At the climax of the song, Ferry begins to belt out French and Latin verses, including the Latin lines translated into English as: “There are only pains in the day/There is no rest/We only commit to the truth”. The emotionally tidal love song ends with a chorus of “Jamais”, French for “Never”.
A Song For Europe’ takes its name from the former British Eurovision Song Contest qualifier of the same name, but its narrative departs from that association. A romantic love song, Ferry drew on Parisian clichés in an obscure parody of the annual international music competition.
“It’s a pun, of course, on the Eurovision Song Contest, one of the more bizarre events in the calendar,” Ferry explained of the title in a 1973 interview with Melody Maker. “It sounded very European to me, so I thought I’d use Latin and French and do it as ‘A Song For Europe’.
Although Ferry had previously preferred to work on his songs alone, Stranded was a notable break with tradition, with guitarist Phil Manzanera receiving co-writing credits on ‘Amazona’ and MacKay on ‘A Song For Europe’.

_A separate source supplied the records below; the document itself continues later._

definition is_ideal ::
  "('f::field \<Rightarrow> 'q::ab_group_add \<Rightarrow> 'q) \<Rightarrow> ('q \<Rightarrow> 'q \<Rightarrow> 'q) \<Rightarrow> 'q set \<Rightarrow> 'q set \<Rightarrow> bool" where
  "is_ideal sc br L I \<longleftrightarrow> module.subspace sc I \<and> I \<subseteq> L \<and>
     (\<forall>i\<in>I. \<forall>x\<in>L. br i x \<in> I \<and> br x i \<in> I)"

definition Ann :: "('q::zero \<Rightarrow> 'q \<Rightarrow> 'q) \<Rightarrow> 'q set \<Rightarrow> 'q set \<Rightarrow> 'q set" where
  "Ann br L H = {x\<in>L. \<forall>y\<in>H. br x y = 0 \<and> br y x = 0}"

inductive_set opalg ::
  "('f::field \<Rightarrow> 'q::ab_group_add \<Rightarrow> 'q) \<Rightarrow> ('q \<Rightarrow> 'q \<Rightarrow> 'q) \<Rightarrow> 'q set \<Rightarrow> ('q \<Rightarrow> 'q) set"
  for sc br L where
  R_gen: "x \<in> L \<Longrightarrow> (\<lambda>u. br u x) \<in> opalg sc br L"
| L_gen: "y \<in> L \<Longrightarrow> (\<lambda>u. br y u) \<in> opalg sc br L"
| comp: "f \<in> opalg sc br L \<Longrightarrow> g \<in> opalg sc br L \<Longrightarrow> f \<circ> g \<in> opalg sc br L"
| add: "f \<in> opalg sc br L \<Longrightarrow> g \<in> opalg sc br L \<Longrightarrow> (\<lambda>u. f u + g u) \<in> opalg sc br L"
| smult: "f \<in> opalg sc br L \<Longrightarrow> (\<lambda>u. sc c (f u)) \<in> opalg sc br L"
definition marginal_cdf :: "(real^'t::finite^'c::finite) measure \<Rightarrow> 'c \<Rightarrow> ('t \<Rightarrow> real) \<Rightarrow> real" where
  "marginal_cdf F c u = measure F {x \<in> space F. \<forall>t. x $ c $ t \<le> u t}"

definition W_WL :: "real^'t::finite \<Rightarrow> real^'t \<Rightarrow> real" where
  "W_WL x y = (if \<forall>t. x $ t \<ge> y $ t then 1 else 0)"

definition payoff_X :: "('c::finite \<Rightarrow> real) \<Rightarrow> (real^'t::finite^'c) measure \<Rightarrow> (real^'t^'c) measure \<Rightarrow> real" where
  "payoff_X v FX FY = (\<integral>xy. (\<Sum>c\<in>UNIV. v c * W_WL (fst xy $ c) (snd xy $ c)) \<partial>(FX \<Otimes>\<^sub>M FY))"

end

theory Submission
  imports Defs
begin

(*
  Under the given marginals, the allocation to contest c is 0 with probability 1 - \<delta> and
  otherwise a uniform point of the segment from 0 to the corner (2 v c X t / \<delta>)_t.
  Against an allocation y it can only lose if that point lies below the fraction
  s = \<Sum>t. \<delta> max (y t) 0 / (2 v c X t) of the segment, an event of probability at most
  1 - \<delta> + \<delta> s. Weighting by v c and summing over contests gives
  \<delta> - \<delta>^2 / 2 \<Sum>t. (\<Sum>c. max (y c t) 0) / X t, and averaging over an opponent whose expected
  total of type t is at most Y t gives the bound.
*)

lemma borel_measurable_vec_nth_nth [measurable]:
  "(\<lambda>x::real^'n::finite^'m::finite. x $ i $ j) \<in> borel_measurable borel"
  by (intro borel_measurable_continuous_onI continuous_on_component continuous_on_id)

lemma measure_ex_le_ray:
  fixes M :: "'a measure" and \<xi> :: "'t::finite \<Rightarrow> 'a \<Rightarrow> real" and w :: "'t \<Rightarrow> real"
  assumes "prob_space M"
    and [measurable]: "\<And>t. \<xi> t \<in> borel_measurable M"
    and w_pos: "\<And>t. 0 < w t"
    and cdf: "\<And>a. (\<forall>t. 0 \<le> a t) \<Longrightarrow>
        measure M {x\<in>space M. \<forall>t. \<xi> t x \<le> a t} = 1 - \<delta> + \<delta> * (MIN t. min (w t * a t) 1)"
    and s: "0 \<le> s" "s \<le> 1"
  shows "measure M {x\<in>space M. \<exists>t. \<xi> t x \<le> s / w t} \<le> 1 - \<delta> + \<delta> * s"
proof -
  interpret prob_space M by fact
  have cdf_scaled: "measure M {x\<in>space M. \<forall>t. \<xi> t x \<le> \<sigma> t / w t} = 1 - \<delta> + \<delta> * (MIN t. min (\<sigma> t) 1)"
    if "\<forall>t. 0 \<le> \<sigma> t" for \<sigma>
  proof -
    have "w t * (\<sigma> t / w t) = \<sigma> t" for t
      using w_pos[of t] by simp
    then show ?thesis
      using cdf[of "\<lambda>t. \<sigma> t / w t"] that w_pos by (simp add: less_imp_le)
  qed
  define C where "C = {x\<in>space M. \<forall>t. \<xi> t x \<le> s / w t}"
  define B where "B t = {x\<in>space M. \<forall>t'. \<xi> t' x \<le> (if t' = t then s else 1) / w t'}" for t
  have [measurable]: "C \<in> sets M" "B t \<in> sets M" for t
    unfolding B_def C_def by measurable
  have C: "measure M C = 1 - \<delta> + \<delta> * s"
    using cdf_scaled[of "\<lambda>_. s"] s by (simp add: C_def)
  have B: "measure M (B t) = 1 - \<delta> + \<delta> * s" for t
  proof -
    have "(MIN t'. min (if t' = t then s else 1) 1) = s"
      using s by (intro Min_eqI) auto
    then show ?thesis
      using cdf_scaled[of "\<lambda>t'. if t' = t then s else 1"] s by (simp add: B_def)
  qed
  \<comment> \<open>Only the cdf is known, so we argue with boxes: \<open>B t\<close> contains \<open>C\<close> and has the same
    measure, hence adds only a null set, while the box with corner \<open>(1 / w t)\<^sub>t\<close> has full measure.\<close>
  have "AE x in M. x \<in> B t \<longrightarrow> x \<in> C" for t
  proof -
    have "s / w t' \<le> 1 / w t'" for t'
      using s w_pos[of t'] by (simp add: divide_right_mono)
    then have "C \<subseteq> B t"
      unfolding B_def C_def by (auto intro: order_trans)
    then have "measure M (B t - C) = 0"
      using B C by (simp add: finite_measure_Diff)
    then have "B t - C \<in> null_sets M"
      by (intro null_setsI) (auto simp: emeasure_eq_measure)
    then show ?thesis
      using AE_not_in by fastforce
  qed
  then have "AE x in M. \<forall>t. x \<in> B t \<longrightarrow> x \<in> C"
    unfolding AE_all_countable by (intro allI)
  moreover have "AE x in M. \<forall>t. \<xi> t x \<le> 1 / w t"
    using cdf_scaled[of "\<lambda>_. 1"] by (intro AE_I_eq_1) (auto simp: emeasure_eq_measure)
  ultimately have "AE x in M. x \<in> {x\<in>space M. \<exists>t. \<xi> t x \<le> s / w t} \<longrightarrow> x \<in> C"
  proof eventually_elim
    case (elim x)
    show ?case
    proof
      assume "x \<in> {x\<in>space M. \<exists>t. \<xi> t x \<le> s / w t}"
      then obtain t where "x \<in> space M" "\<xi> t x \<le> s / w t"
        by blast
      with elim have "x \<in> B t"
        by (auto simp: B_def)
      with elim show "x \<in> C"
        by blast
    qed
  qed
  then have "measure M {x\<in>space M. \<exists>t. \<xi> t x \<le> s / w t} \<le> measure M C"
    by (rule finite_measure_mono_AE) measurable
  with C show ?thesis
    by simp
qed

“I think the first time we all wrote together was on Stranded, by which time they’d started presenting me with stuff. So, you know, I felt obliged, even though I wasn’t short of material, to incorporate some of their music into the songs,” Ferry recalled in an interview with Backpages in 2001. “It worked very well with Andy because he had more musical training than anybody, including me.
Ferry went on to reveal how MacKay was essential to Roxy Music’s more European influences. “So he would produce changes where the chords were a bit more unusual and developed. And that produced good things like ‘A Song for Europe’ and later ‘Love Is the Drug’. Andy had this European musical background, whereas my background was much more American: Black singers and blues and various other forms of 20th century music. It was actually a good combination.